Only the number should be given: how many lines below contain "lemma".

## INPUT MATERIAL
__________

lemma set_integral_fold_at_midpoint:
  fixes g :: "real \<Rightarrow> real"
  assumes int: "integrable lborel g" and "0 < p"
  shows "(LBINT y:{c<..c + 2*p}. g y) = (LBINT y:{0<..<p}. g (c + y) + g (c + 2*p - y))"
proof -
  have int1: "integrable lborel (\<lambda>y. g (c + y))"
    using lborel_integrable_real_affine[OF int, of 1 c] by simp
  have int2: "integrable lborel (\<lambda>y. g (c + 2*p - y))"
    using lborel_integrable_real_affine[OF int, of "-1" "c + 2*p"] by simp
  have "{c<..c + 2*p} = {c<..<c + p} \<union> {c + p..c + 2*p}"
    using \<open>0 < p\<close> by (subst ivl_disj_un_two(5)) auto
  moreover have "(LBINT y:{c<..<c + p} \<union> {c + p..c + 2*p}. g y)
      = (LBINT y:{c<..<c + p}. g y) + (LBINT y:{c + p..c + 2*p}. g y)"
    by (intro set_integral_Un integrable_imp_set_integrable[OF int]) auto
  ultimately have "(LBINT y:{c<..c + 2*p}. g y) = (LBINT y:{c<..<c + p}. g y) + (LBINT y:{c + p..c + 2*p}. g y)"
    by simp
  also have "(LBINT y:{c<..<c + p}. g y) = (LBINT y:{0<..<p}. g (c + y))"
  proof -
    have "{y. c + 1 * y \<in> {c<..<c + p}} = {0<..<p}"
      by auto
    then show ?thesis
      using set_lborel_integral_real_affine[of 1 "{c<..<c + p}" g c] by simp
  qed
  also have "(LBINT y:{c + p..c + 2*p}. g y) = (LBINT y:{0..p}. g (c + 2*p - y))"
  proof -
    have "{y. c + 2*p + -1 * y \<in> {c + p..c + 2*p}} = {0..p}"
      by auto
    then show ?thesis
      using set_lborel_integral_real_affine[of "-1" "{c + p..c + 2*p}" g "c + 2*p"] by simp
  qed
  also have "\<dots> = (LBINT y:{0<..<p}. g (c + 2*p - y))"
    by (rule set_integral_discrete_difference[where X="{0, p}"]) auto
  also have "(LBINT y:{0<..<p}. g (c + y)) + (LBINT y:{0<..<p}. g (c + 2*p - y))
      = (LBINT y:{0<..<p}. g (c + y) + g (c + 2*p - y))"
    by (intro set_integral_add(2)[symmetric] integrable_imp_set_integrable int1 int2) auto
  finally show ?thesis .
qed

lemma period_integral_odd_periodic:
  fixes D K :: "real \<Rightarrow> real" and k :: nat
  assumes per: "\<And>y. D (y + 2*pi) = D y" and odd: "\<And>y. D (- y) = - D y"
    and int: "integrable lborel (\<lambda>y. D y * K y)"
  shows "(LBINT y:{2*pi*k<..2*pi*k + 2*pi}. D y * K y)
    = (LBINT y:{0<..<pi}. D y * (K (2*pi*k + y) - K (2*pi*k + 2*pi - y)))"
proof -
  interpret periodic_fun_simple D "2*pi"
    by standard (rule per)
  have shift: "D (2*pi*k + y) = D y" for y
    using plus_of_nat[of y k] by (simp add: algebra_simps)
  have reflect: "D (2*pi*k + 2*pi - y) = - D y" for y
    using shift[of "2*pi - y"] plus_1[of "- y"] odd[of y] by (simp add: algebra_simps)
  have "D (2*pi*k + y) * K (2*pi*k + y) + D (2*pi*k + 2*pi - y) * K (2*pi*k + 2*pi - y)
      = D y * (K (2*pi*k + y) - K (2*pi*k + 2*pi - y))" for y
    unfolding shift reflect by (simp add: algebra_simps)
  then show ?thesis
    using set_integral_fold_at_midpoint[OF int pi_gt_zero, of "2*pi*k"] by simp
qed

lemma set_integral_greaterThan_nonneg_of_periods:
  fixes g :: "real \<Rightarrow> real"
  assumes int: "integrable lborel g" and "p > 0"
    and periods: "\<And>k. m \<le> k \<Longrightarrow> 0 \<le> (LBINT y:{p * real k<..p * real k + p}. g y)"
  shows "0 \<le> (LBINT y:{p * real m<..}. g y)"
proof -
  define A where "A N = {p * real m<..p * real (m + N)}" for N
  have "incseq A"
    by (rule incseq_SucI) (use \<open>p > 0\<close> in \<open>auto simp: A_def algebra_simps\<close>)
  moreover have "(\<Union>N. A N) = {p * real m<..}"
  proof (intro equalityI subsetI)
    fix y assume y: "y \<in> {p * real m<..}"
    obtain N :: nat where "y / p - real m \<le> real N"
      using real_arch_simple by blast
    then have "y \<le> p * real (m + N)"
      using \<open>p > 0\<close> by (simp add: pos_divide_le_eq algebra_simps)
    with y show "y \<in> (\<Union>N. A N)"
      unfolding A_def by auto
  qed (auto simp: A_def)
  ultimately have "(\<lambda>N. LBINT y:A N. g y) \<longlonglongrightarrow> (LBINT y:{p * real m<..}. g y)"
    using set_integral_cont_up[of A lborel g] integrable_imp_set_integrable[OF int] by (simp add: A_def)
  moreover have "0 \<le> (LBINT y:A N. g y)" for N
  proof (induction N)
    case 0
    then show ?case
      by (simp add: A_def set_lebesgue_integral_def)
  next
    case (Suc N)
    have "A N \<union> {p * real (m + N)<..p * real (m + N) + p} = A (Suc N)"
      unfolding A_def using \<open>p > 0\<close> by (subst ivl_disj_un_two(6)) (auto simp: algebra_simps)
    moreover have "(LBINT y:A N \<union> {p * real (m + N)<..p * real (m + N) + p}. g y)
        = (LBINT y:A N. g y) + (LBINT y:{p * real (m + N)<..p * real (m + N) + p}. g y)"
      by (intro set_integral_Un integrable_imp_set_integrable[OF int]) (auto simp: A_def)
    ultimately have "(LBINT y:A (Suc N). g y)
        = (LBINT y:A N. g y) + (LBINT y:{p * real (m + N)<..p * real (m + N) + p}. g y)"
      by simp
    then show ?case
      using Suc periods[of "m + N"] by simp
  qed
  ultimately show ?thesis
    by (intro LIMSEQ_le_const) auto
qed

section \<open>The principal value as an integral over the positive half-line\<close>

lemma abs_odd_part_Kker_le:
  assumes "a > 0" "L-lipschitz_on UNIV f"
  shows "\<bar>(f (x + y) - f (x - y)) * Kker a y\<bar> \<le> 2 * L * max 1 (a^2) / pi * inverse (1 + y^2)"
proof -
  have "\<bar>f (x + y) - f (x - y)\<bar> \<le> L * \<bar>2 * y\<bar>"
    using lipschitz_onD[OF assms(2), of "x + y" "x - y"] by (simp add: dist_real_def)
  then have "\<bar>(f (x + y) - f (x - y)) * Kker a y\<bar> \<le> 2 * L * \<bar>y * Kker a y\<bar>"
    by (auto simp: abs_mult mult.assoc intro: order_trans[OF mult_right_mono])
  also have "\<dots> \<le> 2 * L * (max 1 (a^2) / pi * inverse (1 + y^2))"
    using abs_mult_Kker_le[OF assms(1)] lipschitz_on_nonneg[OF assms(2)]
    by (intro mult_left_mono) auto
  finally show ?thesis
    by simp
qed

lemma integrable_odd_part_Kker:
  assumes "a > 0" "L-lipschitz_on UNIV f"
  shows "integrable lborel (\<lambda>y. (f (x + y) - f (x - y)) * Kker a y)"
proof (rule Bochner_Integration.integrable_bound)
  show "integrable lborel (\<lambda>y. 2 * L * max 1 (a^2) / pi * inverse (1 + y^2))"
    using integrable_inverse_1_plus_square_lborel by simp
  have [measurable]: "f \<in> borel_measurable borel"
    using assms(2) by (intro borel_measurable_continuous_onI lipschitz_on_continuous_on)
  show "(\<lambda>y. (f (x + y) - f (x - y)) * Kker a y) \<in> borel_measurable lborel"
    by measurable
  show "AE y in lborel. norm ((f (x + y) - f (x - y)) * Kker a y)
      \<le> norm (2 * L * max 1 (a^2) / pi * inverse (1 + y^2))"
    unfolding real_norm_def by (intro AE_I2 order_trans[OF abs_odd_part_Kker_le[OF assms] abs_ge_self])
qed

lemma set_integrable_Kker_away_from_0:
  assumes "a > 0" "e > 0" "L-lipschitz_on UNIV h"
  shows "set_integrable lborel {y. e \<le> \<bar>y\<bar>} (\<lambda>y. h y * Kker a y)"
proof (rule set_integrable_bound)
  define C where "C = max 1 (a^2) / pi"
  show "set_integrable lborel {y. e \<le> \<bar>y\<bar>} (\<lambda>y. (\<bar>h 0\<bar> * C / e + L * C) * inverse (1 + y^2))"
    using integrable_inverse_1_plus_square_lborel by (intro integrable_imp_set_integrable) auto
  have [measurable]: "h \<in> borel_measurable borel"
    using assms(3) by (intro borel_measurable_continuous_onI lipschitz_on_continuous_on)
  show "set_borel_measurable lborel {y. e \<le> \<bar>y\<bar>} (\<lambda>y. h y * Kker a y)"
    unfolding set_borel_measurable_def by measurable
  have "\<bar>h y * Kker a y\<bar> \<le> (\<bar>h 0\<bar> * C / e + L * C) * inverse (1 + y^2)" if "e \<le> \<bar>y\<bar>" for y
  proof -
    have "\<bar>h y\<bar> \<le> \<bar>h 0\<bar> + L * \<bar>y\<bar>"
      using lipschitz_onD[OF assms(3), of y 0] by (simp add: dist_real_def)
    then have "\<bar>h y * Kker a y\<bar> \<le> \<bar>h 0\<bar> * \<bar>Kker a y\<bar> + L * \<bar>y * Kker a y\<bar>"
      by (auto simp: abs_mult algebra_simps intro: order_trans[OF mult_right_mono])
    also have "\<dots> \<le> \<bar>h 0\<bar> * (C / e * inverse (1 + y^2)) + L * (C * inverse (1 + y^2))"
      using abs_Kker_le[OF assms(1,2) that] abs_mult_Kker_le[OF assms(1), of y]
        lipschitz_on_nonneg[OF assms(3)]
      unfolding C_def by (intro add_mono mult_left_mono) (auto simp: field_simps)
    finally show ?thesis
      by (simp add: algebra_simps)
  qed
  then show "AE y in lborel. y \<in> {y. e \<le> \<bar>y\<bar>} \<longrightarrow>
      norm (h y * Kker a y) \<le> norm ((\<bar>h 0\<bar> * C / e + L * C) * inverse (1 + y^2))"
    by (intro AE_I2) (auto intro: order_trans[OF _ abs_ge_self])
qed

lemma truncated_integral_Kker_eq:
  assumes "a > 0" "e > 0" "L-lipschitz_on UNIV f"
  shows "integral {y. e \<le> \<bar>y\<bar>} (\<lambda>y. f (x - y) * Kker a y)
    = - (LBINT y:{e..}. (f (x + y) - f (x - y)) * Kker a y)"
proof -
  have lip: "L-lipschitz_on UNIV (\<lambda>y. f (x + c * y))" if "\<bar>c\<bar> = 1" for c
  proof (rule lipschitz_onI)
    fix s t
    have "dist (f (x + c * s)) (f (x + c * t)) \<le> L * dist (x + c * s) (x + c * t)"
      by (rule lipschitz_onD[OF assms(3)]) auto
    also have "dist (x + c * s) (x + c * t) = dist s t"
      using that by (simp add: dist_real_def abs_mult flip: right_diff_distrib)
    finally show "dist (f (x + c * s)) (f (x + c * t)) \<le> L * dist s t" .
  qed (rule lipschitz_on_nonneg[OF assms(3)])
  have int_minus: "set_integrable lborel {y. e \<le> \<bar>y\<bar>} (\<lambda>y. f (x - y) * Kker a y)"
    using set_integrable_Kker_away_from_0[OF assms(1,2) lip[of "-1"]] by simp
  have int_plus: "set_integrable lborel {y. e \<le> \<bar>y\<bar>} (\<lambda>y. f (x + y) * Kker a y)"
    using set_integrable_Kker_away_from_0[OF assms(1,2) lip[of 1]] by simp
  have sub: "{e..} \<subseteq> {y. e \<le> \<bar>y\<bar>}" "{..-e} \<subseteq> {y. e \<le> \<bar>y\<bar>}"
    by auto
  have split: "{y. e \<le> \<bar>y\<bar>} = {e..} \<union> {..-e}"
    by auto
  have "integral {y. e \<le> \<bar>y\<bar>} (\<lambda>y. f (x - y) * Kker a y)
      = (LBINT y:{y. e \<le> \<bar>y\<bar>}. f (x - y) * Kker a y)"
    using set_borel_integral_eq_integral(2)[OF int_minus] by simp
  also have "\<dots> = (LBINT y:{e..}. f (x - y) * Kker a y) + (LBINT y:{..-e}. f (x - y) * Kker a y)"
    unfolding split using assms(2) by (intro set_integral_Un set_integrable_subset[OF int_minus]) auto
  also have "(LBINT y:{..-e}. f (x - y) * Kker a y) = (LBINT y:{e..}. - (f (x + y) * Kker a y))"
    by (subst set_integral_reflect) (simp add: Kker_minus atLeast_def)
  also have "(LBINT y:{e..}. f (x - y) * Kker a y) + (LBINT y:{e..}. - (f (x + y) * Kker a y))
      = (LBINT y:{e..}. f (x - y) * Kker a y - f (x + y) * Kker a y)"
    using set_integral_diff(2)[OF set_integrable_subset[OF int_minus _ sub(1)]
        set_integrable_subset[OF int_plus _ sub(1)]]
      set_integral_uminus[OF set_integrable_subset[OF int_plus _ sub(1)]] by simp
  also have "\<dots> = (LBINT y:{e..}. - ((f (x + y) - f (x - y)) * Kker a y))"
    by (simp add: algebra_simps)
  also have "\<dots> = - (LBINT y:{e..}. (f (x + y) - f (x - y)) * Kker a y)"
    by (simp add: set_lebesgue_integral_def)
  finally show ?thesis .
qed

lemma Hop_eq_odd_part_integral:
  assumes "a > 0" "L-lipschitz_on UNIV f"
  shows "Hop a f x = - (LBINT y:{0<..}. (f (x + y) - f (x - y)) * Kker a y)"
proof -
  let ?g = "\<lambda>y. (f (x + y) - f (x - y)) * Kker a y"
  have "\<bar>?g y\<bar> \<le> 2 * L * max 1 (a^2) / pi" for y
  proof -
    have "inverse (1 + y^2) \<le> 1" "0 \<le> 2 * L * max 1 (a^2) / pi"
      using lipschitz_on_nonneg[OF assms(2)] by (auto simp: inverse_le_1_iff)
    then show ?thesis
      using abs_odd_part_Kker_le[OF assms, of x y] by (metis mult_left_le order_trans)
  qed
  then have "((\<lambda>e. - (LBINT y:{e..}. ?g y)) \<longlongrightarrow> - (LBINT y:{0<..}. ?g y)) (at_right 0)"
    by (intro tendsto_minus tendsto_set_integral_atLeast_at_right integrable_odd_part_Kker[OF assms])
  then have "((\<lambda>e. integral {y. e \<le> \<bar>y\<bar>} (\<lambda>y. f (x - y) * Kker a y))
      \<longlongrightarrow> - (LBINT y:{0<..}. ?g y)) (at_right 0)"
    using truncated_integral_Kker_eq[OF assms(1) _ assms(2)]
    by (elim Lim_transform_eventually) (auto intro: eventually_at_rightI[of 0 1])
  then show ?thesis
    unfolding Hop_def by (rule tendsto_Lim[rotated]) simp
qed

section \<open>A pointwise lower bound for -H_a f\<close>

definition hardy_mean :: "(real \<Rightarrow> real) \<Rightarrow> real \<Rightarrow> real" where
  "hardy_mean f x = integral {0..x} f / x"

definition hardy_dev :: "(real \<Rightarrow> real) \<Rightarrow> real \<Rightarrow> real" where
  "hardy_dev f x = f x - hardy_mean f x"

__________

## SOLUTION
8